Records for this task:
= = = = = = =

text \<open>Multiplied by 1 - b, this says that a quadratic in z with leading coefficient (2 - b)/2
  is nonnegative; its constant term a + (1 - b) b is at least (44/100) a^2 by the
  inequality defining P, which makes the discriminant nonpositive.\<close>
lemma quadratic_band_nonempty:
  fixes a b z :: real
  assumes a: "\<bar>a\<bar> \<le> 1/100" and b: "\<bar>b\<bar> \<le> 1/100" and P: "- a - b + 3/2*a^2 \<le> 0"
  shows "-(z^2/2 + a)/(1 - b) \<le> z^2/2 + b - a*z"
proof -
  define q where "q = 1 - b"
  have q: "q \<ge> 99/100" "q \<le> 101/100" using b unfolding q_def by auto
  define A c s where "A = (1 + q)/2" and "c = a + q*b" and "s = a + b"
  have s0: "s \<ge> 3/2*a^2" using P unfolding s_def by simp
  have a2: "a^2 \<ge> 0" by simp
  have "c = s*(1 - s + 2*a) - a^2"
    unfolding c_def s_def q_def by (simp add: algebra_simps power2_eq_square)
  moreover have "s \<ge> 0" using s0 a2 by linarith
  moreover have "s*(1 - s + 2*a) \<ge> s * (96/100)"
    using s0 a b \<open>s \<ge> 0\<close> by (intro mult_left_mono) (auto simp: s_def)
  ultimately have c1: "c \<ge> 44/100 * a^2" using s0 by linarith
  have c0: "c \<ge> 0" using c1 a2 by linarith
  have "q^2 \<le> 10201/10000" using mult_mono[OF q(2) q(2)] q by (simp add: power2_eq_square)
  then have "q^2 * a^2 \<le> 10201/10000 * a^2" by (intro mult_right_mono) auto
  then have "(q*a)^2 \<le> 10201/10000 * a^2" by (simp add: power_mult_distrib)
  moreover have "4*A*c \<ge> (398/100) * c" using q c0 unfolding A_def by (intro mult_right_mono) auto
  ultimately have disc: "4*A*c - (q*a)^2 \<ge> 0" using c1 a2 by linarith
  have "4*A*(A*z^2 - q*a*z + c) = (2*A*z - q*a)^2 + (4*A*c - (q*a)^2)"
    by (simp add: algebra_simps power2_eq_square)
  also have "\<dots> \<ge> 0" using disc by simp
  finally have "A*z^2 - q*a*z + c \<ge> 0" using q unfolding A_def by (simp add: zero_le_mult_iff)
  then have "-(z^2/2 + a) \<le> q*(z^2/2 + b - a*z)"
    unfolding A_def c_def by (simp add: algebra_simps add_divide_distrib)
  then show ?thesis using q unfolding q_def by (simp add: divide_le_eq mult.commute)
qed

= = = = = = =

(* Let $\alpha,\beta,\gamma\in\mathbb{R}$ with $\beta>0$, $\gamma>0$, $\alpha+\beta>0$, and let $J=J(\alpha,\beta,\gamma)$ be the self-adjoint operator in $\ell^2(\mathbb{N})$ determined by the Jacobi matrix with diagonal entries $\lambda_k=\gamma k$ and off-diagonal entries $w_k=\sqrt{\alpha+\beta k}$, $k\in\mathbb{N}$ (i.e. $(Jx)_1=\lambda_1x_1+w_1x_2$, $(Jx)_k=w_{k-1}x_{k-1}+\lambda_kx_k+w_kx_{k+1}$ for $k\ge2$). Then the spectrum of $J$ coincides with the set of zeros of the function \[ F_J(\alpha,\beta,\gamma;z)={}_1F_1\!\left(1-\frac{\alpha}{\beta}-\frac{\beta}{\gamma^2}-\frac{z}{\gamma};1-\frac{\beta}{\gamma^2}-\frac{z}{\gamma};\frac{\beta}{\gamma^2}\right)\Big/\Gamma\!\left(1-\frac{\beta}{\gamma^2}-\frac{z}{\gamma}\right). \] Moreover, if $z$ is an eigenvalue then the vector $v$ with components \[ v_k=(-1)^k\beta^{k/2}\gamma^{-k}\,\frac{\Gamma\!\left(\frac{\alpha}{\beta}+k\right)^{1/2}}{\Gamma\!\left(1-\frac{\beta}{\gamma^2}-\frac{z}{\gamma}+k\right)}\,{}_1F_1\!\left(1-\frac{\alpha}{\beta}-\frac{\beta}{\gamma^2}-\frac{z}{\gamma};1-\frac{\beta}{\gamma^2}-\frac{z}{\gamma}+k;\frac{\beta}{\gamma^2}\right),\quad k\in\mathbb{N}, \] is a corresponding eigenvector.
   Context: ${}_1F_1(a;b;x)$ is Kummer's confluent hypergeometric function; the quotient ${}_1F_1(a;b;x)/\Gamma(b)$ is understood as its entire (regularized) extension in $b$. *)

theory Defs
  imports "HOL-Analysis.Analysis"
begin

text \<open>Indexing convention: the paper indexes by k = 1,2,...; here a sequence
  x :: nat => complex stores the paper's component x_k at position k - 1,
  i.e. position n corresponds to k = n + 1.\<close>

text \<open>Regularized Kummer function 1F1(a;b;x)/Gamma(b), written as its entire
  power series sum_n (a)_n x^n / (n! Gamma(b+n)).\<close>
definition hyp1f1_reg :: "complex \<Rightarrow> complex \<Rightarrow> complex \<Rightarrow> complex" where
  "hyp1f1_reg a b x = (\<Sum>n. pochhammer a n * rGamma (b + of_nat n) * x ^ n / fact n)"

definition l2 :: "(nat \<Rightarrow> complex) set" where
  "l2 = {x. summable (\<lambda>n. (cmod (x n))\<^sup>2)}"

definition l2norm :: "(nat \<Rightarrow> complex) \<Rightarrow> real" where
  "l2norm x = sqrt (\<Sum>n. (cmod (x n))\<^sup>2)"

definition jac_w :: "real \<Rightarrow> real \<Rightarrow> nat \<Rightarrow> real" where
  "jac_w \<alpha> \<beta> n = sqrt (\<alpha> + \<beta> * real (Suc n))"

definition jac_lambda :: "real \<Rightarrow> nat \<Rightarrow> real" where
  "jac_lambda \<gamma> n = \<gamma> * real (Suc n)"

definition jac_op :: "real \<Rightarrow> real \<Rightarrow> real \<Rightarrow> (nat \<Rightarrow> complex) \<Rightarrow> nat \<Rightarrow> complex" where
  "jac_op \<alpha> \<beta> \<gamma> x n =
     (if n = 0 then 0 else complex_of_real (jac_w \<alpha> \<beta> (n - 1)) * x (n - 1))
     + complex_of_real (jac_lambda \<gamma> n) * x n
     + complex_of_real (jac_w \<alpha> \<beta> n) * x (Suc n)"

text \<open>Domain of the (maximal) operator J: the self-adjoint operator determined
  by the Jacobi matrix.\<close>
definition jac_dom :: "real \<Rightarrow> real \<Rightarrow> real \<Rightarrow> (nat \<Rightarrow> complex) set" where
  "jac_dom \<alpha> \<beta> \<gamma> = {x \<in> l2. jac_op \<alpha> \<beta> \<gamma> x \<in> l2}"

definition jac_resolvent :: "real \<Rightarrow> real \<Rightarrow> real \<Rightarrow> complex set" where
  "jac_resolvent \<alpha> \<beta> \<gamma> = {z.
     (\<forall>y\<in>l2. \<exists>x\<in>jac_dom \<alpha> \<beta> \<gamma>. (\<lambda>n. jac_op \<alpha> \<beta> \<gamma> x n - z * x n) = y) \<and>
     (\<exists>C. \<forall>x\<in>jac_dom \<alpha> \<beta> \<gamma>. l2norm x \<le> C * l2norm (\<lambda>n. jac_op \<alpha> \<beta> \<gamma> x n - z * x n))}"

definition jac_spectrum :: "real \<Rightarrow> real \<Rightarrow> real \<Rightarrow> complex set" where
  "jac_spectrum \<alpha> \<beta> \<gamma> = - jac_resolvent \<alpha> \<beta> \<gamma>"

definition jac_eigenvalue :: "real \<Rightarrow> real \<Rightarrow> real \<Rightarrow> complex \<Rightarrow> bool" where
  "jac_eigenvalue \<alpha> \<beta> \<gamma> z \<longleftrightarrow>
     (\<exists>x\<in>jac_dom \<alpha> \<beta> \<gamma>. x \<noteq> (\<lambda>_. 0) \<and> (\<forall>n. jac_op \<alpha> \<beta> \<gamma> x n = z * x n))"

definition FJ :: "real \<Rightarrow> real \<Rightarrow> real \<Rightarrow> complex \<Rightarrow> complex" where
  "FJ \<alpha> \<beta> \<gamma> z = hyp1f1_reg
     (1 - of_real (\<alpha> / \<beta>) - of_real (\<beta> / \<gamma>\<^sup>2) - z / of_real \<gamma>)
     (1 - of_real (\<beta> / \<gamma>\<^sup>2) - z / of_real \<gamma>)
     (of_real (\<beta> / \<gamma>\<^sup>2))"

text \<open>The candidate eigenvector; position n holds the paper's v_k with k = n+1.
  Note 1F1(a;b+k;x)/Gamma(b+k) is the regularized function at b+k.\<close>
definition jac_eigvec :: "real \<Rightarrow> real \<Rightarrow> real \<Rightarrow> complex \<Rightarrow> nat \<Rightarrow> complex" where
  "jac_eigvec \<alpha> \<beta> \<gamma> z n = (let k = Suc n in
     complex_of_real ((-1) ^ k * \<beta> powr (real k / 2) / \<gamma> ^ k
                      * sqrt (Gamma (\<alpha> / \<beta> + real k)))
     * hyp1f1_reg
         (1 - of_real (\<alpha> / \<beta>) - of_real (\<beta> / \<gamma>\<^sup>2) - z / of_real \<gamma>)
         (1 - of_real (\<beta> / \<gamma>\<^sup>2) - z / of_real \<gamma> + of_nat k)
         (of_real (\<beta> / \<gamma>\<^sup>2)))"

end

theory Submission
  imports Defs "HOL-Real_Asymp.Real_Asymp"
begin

= = = = = = =

Lines wanted from the listing above: the line with "text \<open>Multiplied by" up to and including the line with "s0 by linarith". Please write them out exactly, adding nothing else.

Output of the task:
text \<open>Multiplied by 1 - b, this says that a quadratic in z with leading coefficient (2 - b)/2
  is nonnegative; its constant term a + (1 - b) b is at least (44/100) a^2 by the
  inequality defining P, which makes the discriminant nonpositive.\<close>
lemma quadratic_band_nonempty:
  fixes a b z :: real
  assumes a: "\<bar>a\<bar> \<le> 1/100" and b: "\<bar>b\<bar> \<le> 1/100" and P: "- a - b + 3/2*a^2 \<le> 0"
  shows "-(z^2/2 + a)/(1 - b) \<le> z^2/2 + b - a*z"
proof -
  define q where "q = 1 - b"
  have q: "q \<ge> 99/100" "q \<le> 101/100" using b unfolding q_def by auto
  define A c s where "A = (1 + q)/2" and "c = a + q*b" and "s = a + b"
  have s0: "s \<ge> 3/2*a^2" using P unfolding s_def by simp
  have a2: "a^2 \<ge> 0" by simp
  have "c = s*(1 - s + 2*a) - a^2"
    unfolding c_def s_def q_def by (simp add: algebra_simps power2_eq_square)
  moreover have "s \<ge> 0" using s0 a2 by linarith
  moreover have "s*(1 - s + 2*a) \<ge> s * (96/100)"
    using s0 a b \<open>s \<ge> 0\<close> by (intro mult_left_mono) (auto simp: s_def)
  ultimately have c1: "c \<ge> 44/100 * a^2" using s0 by linarith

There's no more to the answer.